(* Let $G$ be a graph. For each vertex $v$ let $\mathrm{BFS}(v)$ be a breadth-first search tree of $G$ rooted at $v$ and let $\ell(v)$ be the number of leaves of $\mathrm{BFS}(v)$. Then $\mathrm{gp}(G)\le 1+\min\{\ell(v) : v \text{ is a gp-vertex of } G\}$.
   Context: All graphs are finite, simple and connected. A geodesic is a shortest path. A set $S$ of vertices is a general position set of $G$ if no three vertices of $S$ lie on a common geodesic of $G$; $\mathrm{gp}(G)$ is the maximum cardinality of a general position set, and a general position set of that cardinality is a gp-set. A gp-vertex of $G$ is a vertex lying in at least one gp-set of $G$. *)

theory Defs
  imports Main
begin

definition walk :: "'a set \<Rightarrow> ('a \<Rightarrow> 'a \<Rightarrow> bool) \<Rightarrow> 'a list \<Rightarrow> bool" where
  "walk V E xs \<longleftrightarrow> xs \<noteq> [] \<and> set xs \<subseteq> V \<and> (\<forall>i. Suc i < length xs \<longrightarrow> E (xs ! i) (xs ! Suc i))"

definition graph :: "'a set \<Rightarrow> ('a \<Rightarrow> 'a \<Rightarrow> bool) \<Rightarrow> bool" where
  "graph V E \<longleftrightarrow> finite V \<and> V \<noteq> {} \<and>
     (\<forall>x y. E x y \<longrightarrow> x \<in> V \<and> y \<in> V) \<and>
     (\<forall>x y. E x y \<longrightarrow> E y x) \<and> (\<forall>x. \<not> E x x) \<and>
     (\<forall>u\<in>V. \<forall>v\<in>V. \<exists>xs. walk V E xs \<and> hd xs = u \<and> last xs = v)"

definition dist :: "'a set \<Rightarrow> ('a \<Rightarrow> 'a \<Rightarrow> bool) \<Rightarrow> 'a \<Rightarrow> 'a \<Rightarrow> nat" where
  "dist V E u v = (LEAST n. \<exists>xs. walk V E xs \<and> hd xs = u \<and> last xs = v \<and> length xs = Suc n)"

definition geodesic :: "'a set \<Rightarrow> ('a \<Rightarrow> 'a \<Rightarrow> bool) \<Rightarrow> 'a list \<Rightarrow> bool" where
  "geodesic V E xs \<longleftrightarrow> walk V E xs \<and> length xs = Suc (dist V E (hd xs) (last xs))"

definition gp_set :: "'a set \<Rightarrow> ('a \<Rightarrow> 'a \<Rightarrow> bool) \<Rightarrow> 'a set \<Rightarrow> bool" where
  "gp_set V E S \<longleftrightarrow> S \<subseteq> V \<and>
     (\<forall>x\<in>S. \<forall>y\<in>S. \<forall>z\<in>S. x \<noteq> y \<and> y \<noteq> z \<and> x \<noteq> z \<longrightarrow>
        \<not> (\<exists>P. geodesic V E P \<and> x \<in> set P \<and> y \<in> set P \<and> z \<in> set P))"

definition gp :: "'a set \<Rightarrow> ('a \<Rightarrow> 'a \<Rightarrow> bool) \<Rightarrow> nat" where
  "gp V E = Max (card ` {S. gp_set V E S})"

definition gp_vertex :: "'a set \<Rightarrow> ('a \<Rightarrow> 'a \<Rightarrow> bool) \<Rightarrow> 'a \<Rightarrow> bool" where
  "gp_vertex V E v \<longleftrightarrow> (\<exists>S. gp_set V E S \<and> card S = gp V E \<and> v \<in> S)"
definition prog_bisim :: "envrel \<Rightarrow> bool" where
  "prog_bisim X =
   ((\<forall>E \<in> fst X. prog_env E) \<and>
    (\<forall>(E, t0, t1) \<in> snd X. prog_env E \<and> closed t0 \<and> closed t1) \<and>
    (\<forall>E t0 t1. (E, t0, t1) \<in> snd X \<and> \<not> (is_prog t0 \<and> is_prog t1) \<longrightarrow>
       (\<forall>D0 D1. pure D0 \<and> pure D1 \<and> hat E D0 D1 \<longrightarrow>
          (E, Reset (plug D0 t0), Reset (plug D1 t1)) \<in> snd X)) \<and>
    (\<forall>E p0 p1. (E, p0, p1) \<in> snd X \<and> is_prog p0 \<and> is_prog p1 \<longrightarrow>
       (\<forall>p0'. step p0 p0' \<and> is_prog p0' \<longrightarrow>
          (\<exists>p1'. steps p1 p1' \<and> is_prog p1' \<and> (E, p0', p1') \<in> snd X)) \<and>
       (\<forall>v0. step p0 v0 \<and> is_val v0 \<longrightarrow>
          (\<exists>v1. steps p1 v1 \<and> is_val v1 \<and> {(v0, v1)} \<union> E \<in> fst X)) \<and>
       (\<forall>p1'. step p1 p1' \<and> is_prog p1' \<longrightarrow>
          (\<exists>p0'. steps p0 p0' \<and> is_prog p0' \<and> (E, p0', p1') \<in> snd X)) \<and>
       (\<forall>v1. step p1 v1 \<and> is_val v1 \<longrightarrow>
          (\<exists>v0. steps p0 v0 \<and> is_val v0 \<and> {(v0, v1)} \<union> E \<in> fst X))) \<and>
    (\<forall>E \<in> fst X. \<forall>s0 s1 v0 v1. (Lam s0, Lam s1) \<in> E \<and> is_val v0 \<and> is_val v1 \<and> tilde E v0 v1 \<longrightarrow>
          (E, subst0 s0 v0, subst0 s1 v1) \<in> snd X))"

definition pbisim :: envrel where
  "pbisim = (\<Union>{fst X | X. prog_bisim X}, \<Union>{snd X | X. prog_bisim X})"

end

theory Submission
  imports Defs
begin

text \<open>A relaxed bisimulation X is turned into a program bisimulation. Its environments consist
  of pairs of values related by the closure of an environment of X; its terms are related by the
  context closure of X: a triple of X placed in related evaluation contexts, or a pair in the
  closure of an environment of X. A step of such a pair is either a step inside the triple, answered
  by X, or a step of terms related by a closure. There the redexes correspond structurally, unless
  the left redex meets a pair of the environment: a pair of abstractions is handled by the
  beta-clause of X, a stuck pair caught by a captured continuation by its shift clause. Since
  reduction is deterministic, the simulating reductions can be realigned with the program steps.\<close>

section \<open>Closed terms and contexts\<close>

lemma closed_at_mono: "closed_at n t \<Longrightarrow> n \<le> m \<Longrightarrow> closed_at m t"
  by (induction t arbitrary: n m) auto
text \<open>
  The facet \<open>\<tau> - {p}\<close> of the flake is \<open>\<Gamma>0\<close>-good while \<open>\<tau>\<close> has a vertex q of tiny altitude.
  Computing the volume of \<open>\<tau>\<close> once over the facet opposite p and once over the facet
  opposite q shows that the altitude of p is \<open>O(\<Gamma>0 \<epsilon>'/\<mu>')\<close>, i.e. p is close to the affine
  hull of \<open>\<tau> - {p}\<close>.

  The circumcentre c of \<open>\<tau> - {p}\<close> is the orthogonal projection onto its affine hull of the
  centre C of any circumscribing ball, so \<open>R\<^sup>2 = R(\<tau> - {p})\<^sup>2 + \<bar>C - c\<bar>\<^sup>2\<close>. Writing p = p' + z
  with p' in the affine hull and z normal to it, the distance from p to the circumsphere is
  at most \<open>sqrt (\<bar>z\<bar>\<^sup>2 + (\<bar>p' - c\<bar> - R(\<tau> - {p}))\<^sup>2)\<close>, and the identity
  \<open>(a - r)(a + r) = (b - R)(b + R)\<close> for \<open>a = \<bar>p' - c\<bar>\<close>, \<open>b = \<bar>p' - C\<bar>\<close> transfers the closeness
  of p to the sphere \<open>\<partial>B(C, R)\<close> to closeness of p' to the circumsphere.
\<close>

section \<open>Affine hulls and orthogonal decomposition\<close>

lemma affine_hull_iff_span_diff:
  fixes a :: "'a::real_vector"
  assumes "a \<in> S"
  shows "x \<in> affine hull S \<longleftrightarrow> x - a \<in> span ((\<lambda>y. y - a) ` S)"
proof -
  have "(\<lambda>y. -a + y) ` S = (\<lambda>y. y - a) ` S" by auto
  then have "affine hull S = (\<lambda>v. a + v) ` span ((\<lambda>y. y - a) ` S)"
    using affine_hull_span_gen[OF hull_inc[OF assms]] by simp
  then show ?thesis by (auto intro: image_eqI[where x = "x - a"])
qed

※ ※ ※

#### Task prompt:
Start with the line above that contains "reduction is deterministic, the" and end with the line that contains "n t \<Longrightarrow>". Write out those lines exactly, and only those.

#### Solution for this exercise:
  reduction is deterministic, the simulating reductions can be realigned with the program steps.\<close>

section \<open>Closed terms and contexts\<close>

lemma closed_at_mono: "closed_at n t \<Longrightarrow> n \<le> m \<Longrightarrow> closed_at m t"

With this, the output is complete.